_TASK REQUIREMENTS_
Extract each line from the entries below that has the string "noteq" in it.
■ ■ ■
(* For every $T>0$, $$\lim_{\lambda\to\infty}\liminf_{m\to\infty}\mathbb{P}^{(m)}_\sigma\Big(\sup_{s\le T}|x(s)|_{\mathbb{A}_{\mathbb{Q}}}<\lambda\Big)=1.$$
   Context: Fix a real exponent $b>0$ and a sequence $\sigma=(\sigma_p)_{p\in\mathcal P}$ of nonnegative reals indexed by the set $\mathcal P$ of primes with $\sum_p\sigma_p<\infty$. For a prime $p$, $\mathbb{Q}_p$ denotes the $p$-adic numbers with absolute value $|\cdot|_p$ and $\mathbb{Z}_p$ its closed unit ball. Let $G_p\subset\mathbb{Q}_p$ be the set of $p$-adic numbers of the form $\sum_{k<0}a_kp^k$ with $a_k\in\{0,\dots,p-1\}$, only finitely many nonzero; $G_p$ is a set of representatives of $\mathbb{Q}_p/\mathbb{Z}_p$ and is given the group structure of $\mathbb{Q}_p/\mathbb{Z}_p$. Let $X^{(p)}$ be a $G_p$-valued random variable with $\Pr(|X^{(p)}|_p=p^k)=(p^b-1)p^{-kb}$ for every integer $k\ge1$, and, conditionally on $|X^{(p)}|_p=p^k$, uniformly distributed on the finite set $\{x\in G_p:|x|_p=p^k\}$. Let $X^{(p)}_1,X^{(p)}_2,\dots$ be i.i.d. copies of $X^{(p)}$ and $S^{(p)}_n=X^{(p)}_1+\dots+X^{(p)}_n$ (sum in the group $G_p$), $S^{(p)}_0=0$. Put $D_p=\frac{p^b(p-1)}{p^{b+1}-1}\sigma_p$. For an integer $m\ge0$, let $\mathbb{P}^{(m)}_p$ be the law on $D(\mathbb{Q}_p)$ (càdlàg paths $[0,\infty)\to\mathbb{Q}_p$) of $t\mapsto p^mS^{(p)}_{\lfloor D_pp^{mb}t\rfloor}$, and $\mathbb{P}^{(m)}_\sigma=\prod_{p}\mathbb{P}^{(m)}_p$ the product measure on $\prod_pD(\mathbb{Q}_p)$ (independent components). For $y=(y_p)\in\prod_p\mathbb{Q}_p$ write $|y|_{\mathbb{A}_{\mathbb{Q}}}=\sup_p|y_p|_p/p$ (the adelic absolute value on $\mathbb{A}_{\mathbb{Q}}=\{y: y_p\in\mathbb{Z}_p\text{ for all but finitely many }p\}$). *)

theory Defs
  imports "HOL-Probability.Probability" "HOL-Computational_Algebra.Primes"
begin

definition padic_abs :: "nat \<Rightarrow> rat \<Rightarrow> real" where
  "padic_abs p q = (if q = 0 then 0 else
     (let (a, d) = quotient_of q in
       real p powi (int (multiplicity (int p) d) - int (multiplicity (int p) a))))"

text \<open>G_p: the p-adic numbers sum_{k<0} a_k p^k with finitely many nonzero digits,
  identified with the rationals in [0,1) whose denominator is a power of p.
  The group law of Q_p/Z_p is addition modulo 1 (frac).\<close>
definition Gp :: "nat \<Rightarrow> rat set" where
  "Gp p = {q. 0 \<le> q \<and> q < 1 \<and> (\<exists>k::nat. q * of_nat p ^ k \<in> \<int>)}"

definition Gshell :: "nat \<Rightarrow> nat \<Rightarrow> rat set" where
  "Gshell p k = {x \<in> Gp p. padic_abs p x = real p ^ k}"

text \<open>Law of k with Pr(|X|_p = p^k) = (p^b - 1) p^{-kb}, k \<ge> 1.\<close>
definition Kdist :: "real \<Rightarrow> nat \<Rightarrow> nat pmf" where
  "Kdist b p = embed_pmf (\<lambda>k. if k \<ge> 1 then (real p powr b - 1) * real p powr (- (real k * b)) else 0)"

definition Xpmf :: "real \<Rightarrow> nat \<Rightarrow> rat pmf" where
  "Xpmf b p = bind_pmf (Kdist b p) (\<lambda>k. pmf_of_set (Gshell p k))"

definition Dp :: "real \<Rightarrow> (nat \<Rightarrow> real) \<Rightarrow> nat \<Rightarrow> real" where
  "Dp b \<sigma> p = real p powr b * (real p - 1) / (real p powr (b + 1) - 1) * \<sigma> p"

definition Idx :: "(nat \<times> nat) set" where
  "Idx = {(p, i). prime p \<and> 1 \<le> i}"

definition Omega :: "real \<Rightarrow> (nat \<times> nat \<Rightarrow> rat) measure" where
  "Omega b = PiM Idx (\<lambda>(p, i). measure_pmf (Xpmf b p))"

definition Swalk :: "(nat \<times> nat \<Rightarrow> rat) \<Rightarrow> nat \<Rightarrow> nat \<Rightarrow> rat" where
  "Swalk \<omega> p n = frac (\<Sum>i\<in>{1..n}. \<omega> (p, i))"

definition path :: "real \<Rightarrow> (nat \<Rightarrow> real) \<Rightarrow> nat \<Rightarrow> (nat \<times> nat \<Rightarrow> rat) \<Rightarrow> nat \<Rightarrow> real \<Rightarrow> rat" where
  "path b \<sigma> m \<omega> p t = of_nat p ^ m * Swalk \<omega> p (nat \<lfloor>Dp b \<sigma> p * real p powr (real m * b) * t\<rfloor>)"

definition adelic_abs :: "(nat \<Rightarrow> rat) \<Rightarrow> ereal" where
  "adelic_abs y = (SUP p\<in>{p. prime p}. ereal (padic_abs p (y p) / real p))"

definition bounded_event :: "real \<Rightarrow> (nat \<Rightarrow> real) \<Rightarrow> nat \<Rightarrow> real \<Rightarrow> real \<Rightarrow> (nat \<times> nat \<Rightarrow> rat) set" where
  "bounded_event b \<sigma> m T lam =
     {\<omega> \<in> space (Omega b). (SUP s\<in>{0..T}. adelic_abs (\<lambda>p. path b \<sigma> m \<omega> p s)) < ereal lam}"

end

theory Submission
  imports Defs
begin

text \<open>
  Fix \<open>L \<ge> 1\<close> and let \<open>p^e \<le> L < p^(e+1)\<close>. Up to time \<open>T\<close> the \<open>p\<close>-component of the
  rescaled path stays in \<open>|x|\<^sub>p \<le> p^(e+1)\<close>, i.e. contributes at most \<open>L\<close> to the adelic
  absolute value, unless one of the first \<open>\<lfloor>D\<^sub>p p^(mb) T\<rfloor>\<close> increments has
  \<open>|X|\<^sub>p > p^(m+1+e)\<close>, which has probability \<open>p^(-b(m+1+e))\<close>. By the union bound this
  happens with probability at most \<open>D\<^sub>p T p^(-b(e+1)) \<le> \<sigma>\<^sub>p T L^(-b)\<close>: the factor \<open>p^(mb)\<close>
  of the time scale cancels exactly. Summing over \<open>p\<close>, the path leaves the adelic ball of
  radius \<open>\<lambda> > L\<close> with probability at most \<open>T (\<Sum>\<^sub>p \<sigma>\<^sub>p) L^(-b)\<close>, uniformly in \<open>m\<close>.
\<close>

section \<open>The \<open>p\<close>-adic absolute value on \<open>G\<^sub>p\<close>\<close>

lemma quotient_of_denom_dvd:
  assumes "quotient_of y = (a, d)" and "y * of_int c \<in> \<int>"
  shows "d dvd c"
proof -
  obtain z where z: "y * of_int c = of_int z" using assms(2) Ints_cases by blast
  have "y = of_int a / of_int d" using quotient_of_div[OF assms(1)] .
  with z have "of_int (a * c) = (of_int (z * d) :: rat)"
    using quotient_of_denom_pos[OF assms(1)] by (simp add: field_simps)
  then have "d dvd a * c" by (simp only: of_int_eq_iff) (metis dvd_triv_right)
  moreover have "coprime d a" using quotient_of_coprime[OF assms(1)] by (simp add: coprime_commute)
  ultimately show ?thesis using coprime_dvd_mult_right_iff by blast
qed

lemma padic_abs_le_power:
  assumes p: "prime p" and "y * of_nat p ^ j \<in> \<int>"
  shows "padic_abs p y \<le> real p ^ j"
proof (cases "y = 0")
  case True
  then show ?thesis by (simp add: padic_abs_def)
next
  case False
  obtain a d where ad: "quotient_of y = (a, d)" by (cases "quotient_of y")
  have "d dvd int p ^ j" by (rule quotient_of_denom_dvd[OF ad]) (use assms(2) in simp)
  then have "multiplicity (int p) d \<le> multiplicity (int p) (int p ^ j)"
    by (rule dvd_imp_multiplicity_le) (use p in auto)
  also have "\<dots> = j" using p by (simp add: prime_imp_prime_elem)
  finally have "multiplicity (int p) d \<le> j" .
  moreover have "real p \<ge> 1" using p prime_gt_0_nat by (simp add: Suc_le_eq)
  ultimately have "real p powi (int (multiplicity (int p) d) - int (multiplicity (int p) a))
      \<le> real p powi int j"
    by (intro power_int_increasing) auto
  then show ?thesis using False ad by (simp add: padic_abs_def)
qed

lemma mult_power_Ints_mono:
  assumes "x * of_nat p ^ k \<in> \<int>" and "k \<le> j"
  shows "x * of_nat p ^ j \<in> \<int>"
proof -
  have "x * of_nat p ^ j = (x * of_nat p ^ k) * of_nat p ^ (j - k)"
    using assms(2) by (simp add: mult.assoc flip: power_add)
  then show ?thesis using assms(1) by simp
qed

lemma Gshell_mult_power_Ints:
  assumes p: "prime p" and x: "x \<in> Gshell p k"
  shows "x * of_nat p ^ k \<in> \<int>"
proof -
  from x obtain l where x01: "0 \<le> x" "x < 1" and l: "x * of_nat p ^ l \<in> \<int>"
    and abs_x: "padic_abs p x = real p ^ k"
    by (auto simp: Gshell_def Gp_def)
  have p1: "real p > 1" using p prime_gt_1_nat by simp
  have "x \<noteq> 0" using abs_x p1 by (auto simp: padic_abs_def)
  obtain a d where ad: "quotient_of x = (a, d)" by (cases "quotient_of x")
  have x_eq: "x = of_int a / of_int d" using quotient_of_div[OF ad] .
  have pi: "prime (int p)" using p by simp
  have "d dvd int p ^ l" by (rule quotient_of_denom_dvd[OF ad]) (use l in simp)
  then obtain e where "normalize d = int p ^ e" using divides_primepow[OF pi] by blast
  then have d: "d = int p ^ e" using quotient_of_denom_pos[OF ad] by simp
  have "e \<noteq> 0"
  proof
    assume "e = 0"
    then have "x = of_int a" using x_eq d by simp
    with x01 \<open>x \<noteq> 0\<close> show False by (metis Ints_of_int frac_eq_0_iff frac_eq)
  qed
  then have "int p dvd d" using d by (simp add: dvd_power)
  with quotient_of_coprime[OF ad] pi have "\<not> int p dvd a"
    by (metis coprime_common_divisor not_prime_unit)
  then have "multiplicity (int p) a = 0" by (rule not_dvd_imp_multiplicity_0)
  moreover have "multiplicity (int p) d = e" using d pi by (simp add: prime_imp_prime_elem)
  ultimately have "padic_abs p x = real p ^ e" using \<open>x \<noteq> 0\<close> ad by (simp add: padic_abs_def)
  with abs_x p1 have "e = k" by (simp add: power_inject_exp)
  then have "x * of_nat p ^ k = of_int a" using x_eq d quotient_of_denom_pos[OF ad] by simp
  then show ?thesis by simp
qed

lemma finite_Gshell:
  assumes p: "prime p"
  shows "finite (Gshell p k)"
proof -
  have pk: "(of_nat p ^ k :: rat) > 0" using p prime_gt_0_nat by simp
  have "Gshell p k \<subseteq> (\<lambda>z. of_int z / of_nat p ^ k) ` {0..int p ^ k}"
  proof
    fix x assume x: "x \<in> Gshell p k"
    obtain z where z: "x * of_nat p ^ k = of_int z"
      using Gshell_mult_power_Ints[OF p x] Ints_cases by blast
    have "0 \<le> x" "x < 1" using x by (auto simp: Gshell_def Gp_def)
    with z pk have "0 \<le> (of_int z :: rat)" "(of_int z :: rat) \<le> of_nat p ^ k"
      by (metis mult_nonneg_nonneg less_imp_le, metis less_imp_le mult_le_cancel_right1 not_less)
    then have "z \<in> {0..int p ^ k}"
      by (simp del: of_int_power) (metis of_int_le_iff of_int_of_nat_eq of_int_power)
    moreover have "x = of_int z / of_nat p ^ k" using z pk by (simp add: field_simps)
    ultimately show "x \<in> (\<lambda>z. of_int z / of_nat p ^ k) ` {0..int p ^ k}" by blast
  qed
  then show ?thesis by (rule finite_subset) simp
qed

lemma Gshell_nonempty:
  assumes p: "prime p" and k: "k \<ge> 1"
  shows "Gshell p k \<noteq> {}"
proof -
  define y :: rat where "y = 1 / of_nat p ^ k"
  have p1: "p > 1" using p prime_gt_1_nat by simp
  have pk: "(of_nat p ^ k :: rat) > 1" using p1 k by simp
  have "y = Fract 1 (int p ^ k)" unfolding y_def by (simp add: Fract_of_int_quotient)
  then have "quotient_of y = (1, int p ^ k)" using p1 by (simp add: quotient_of_Fract)
  moreover have "y \<noteq> 0" using pk p1 unfolding y_def by simp
  ultimately have "padic_abs p y = real p ^ k" using p by (simp add: padic_abs_def prime_imp_prime_elem)
  moreover have "y \<in> Gp p"
  proof -
    have "y * of_nat p ^ k = 1" "0 \<le> y" "y < 1" using pk p1 unfolding y_def by (auto simp: field_simps)
    then show ?thesis unfolding Gp_def by (metis (mono_tags, lifting) Ints_1 mem_Collect_eq)
  qed
  ultimately show ?thesis unfolding Gshell_def by blast
qed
■ ■ ■
_THE ANSWER_
  have "x \<noteq> 0" using abs_x p1 by (auto simp: padic_abs_def)
  have "e \<noteq> 0"
    with x01 \<open>x \<noteq> 0\<close> show False by (metis Ints_of_int frac_eq_0_iff frac_eq)
  ultimately have "padic_abs p x = real p ^ e" using \<open>x \<noteq> 0\<close> ad by (simp add: padic_abs_def)
  shows "Gshell p k \<noteq> {}"
  moreover have "y \<noteq> 0" using pk p1 unfolding y_def by simp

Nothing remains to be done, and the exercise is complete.